Note that we are currently always using the default file system when 
creating paths for SourceLocations, because we rely on Paths::get to 
create them.

Jorn

Sundararajan Athijegannathan schreef op 2019-03-20 16:02:
> Hmm..
> 
> The javadoc says this:
> 
> " For both the glob and regex syntaxes, the matching details, such as
> whether the matching is case sensitive, are implementation-dependent
> and therefore not specified."
> https://docs.oracle.com/javase/10/docs/api/java/nio/file/FileSystem.html
> 
> Are we dependent on implementation dependent behavior?
> 
> -Sundar
> 
> On 20/03/19, 7:21 PM, Jorn Vernee wrote:
> 
>> While trying to get a minimal artifact for the opengl sample I ran
>> into a weird problem where clang was changing the casing of some of
>> the system header paths, which was making the regex match fail.

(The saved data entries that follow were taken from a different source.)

lemma simple_pole_alphabet_pure:
  "simple_pole_alphabet A2_12 (1 / 2)" "simple_pole_alphabet A1_21 (1 / 2)"
  by (auto simp: simple_pole_alphabet_def A2_12_def A1_21_def)

theorem corollary5p11:
  shows "inj_on (\<lambda>c. restrict (lin_ext int_C12 c) bidisc) (tensor_S0 A1_12 A2_12)
       \<and> inj_on (\<lambda>c. restrict (lin_ext int_C21 c) bidisc) (tensor_S0 A2_21 A1_21)"
proof
  show "inj_on (\<lambda>c. restrict (lin_ext int_C12 c) bidisc) (tensor_S0 A1_12 A2_12)"
    by (rule inj_on_lin_ext_iter_int_tensor[OF simple_pole_alphabet_mixed(1)
          simple_pole_alphabet_pure(1), where \<phi> = Pair])
       (auto simp: A2_12_def int_C12_def bidisc_eq_Times)
  show "inj_on (\<lambda>c. restrict (lin_ext int_C21 c) bidisc) (tensor_S0 A2_21 A1_21)"
    by (rule inj_on_lin_ext_iter_int_tensor[OF simple_pole_alphabet_mixed(2)
          simple_pole_alphabet_pure(2), where \<phi> = "\<lambda>x s. (s, x)"])
       (auto simp: A1_21_def int_C21_def bidisc_eq_Times)
qed

end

>> Casing of paths on Windows is mostly irrelevant, so that explains
>> why this wasn't a problem before.
>> 
>> After searching for a solution I arrived at
>> FileSystem::getPathMatcher, i.e. a utility for matching paths
>> already exists, and has FileSystem specific implementations (e.g.
>> making the match case insensitive on Windows).
>> 
>> Switching to that solves the problem:
>> http://cr.openjdk.java.net/~jvernee/panama/webrevs/caps/webrev.00
>> 
>> The numbers are:
>> 
>> OpenGL:
>> before: 4244087 bytes
>> after:  106145 bytes (~40x improvement)
>> 
>> Python:
>> before: 482587 bytes
>> after:  317240 bytes (~1.5x improvement)
>> 
>> Tensorflow:
>> before: 76915 bytes
>> after:  41267 bytes (~1.9x improvement)
>> 
>> The improvement is most significant for libraries that depend
>> heavily on the Windows API (OpenGL) since there's a lot that can be
>> filtered out.
>> 
>> Cheers,
>> Jorn
>> 
>> Maurizio Cimadamore schreef op 2019-03-19 22:06:
>> Cool! This is very nice milestone for jextract :-)
>> 
>> When you have time (and if you can) it would be nice to get some
>> stats
>> on extracting a library (e.g. Python) on Windows before/after, to
>> get
>> a sense of what degree of improvement in terms of static footprint
>> we
>> can get. I tested on Linux and I can get smaller jars (up to 2x) but
>> I
>> sense that the improvement is much more dramatic on Windows-land.
>> 
>> Maurizio
>> 
>> On 19/03/2019 19:58, Jorn Vernee wrote:
>> Thanks for the reviews. I've updated the comment and pushed.
>> 
>> Jorn
>> 
>> Sundararajan Athijegannathan schreef op 2019-03-19 18:07:
>> Tests passed. Please go ahead with push.
>> 
>> -Sundar
>> 
>> On 19/03/19, 7:46 PM, Sundararajan Athijegannathan wrote:
>> * 47 * A merge between {@link DependencyFinder} and {@link
>> ElementFilter}
>> 
>> in DependencyFilter. Could be removed?
>> 
>> No comments other than that. +1
>> 
>> I'm going to submit an internal mach5 build/request for this patch.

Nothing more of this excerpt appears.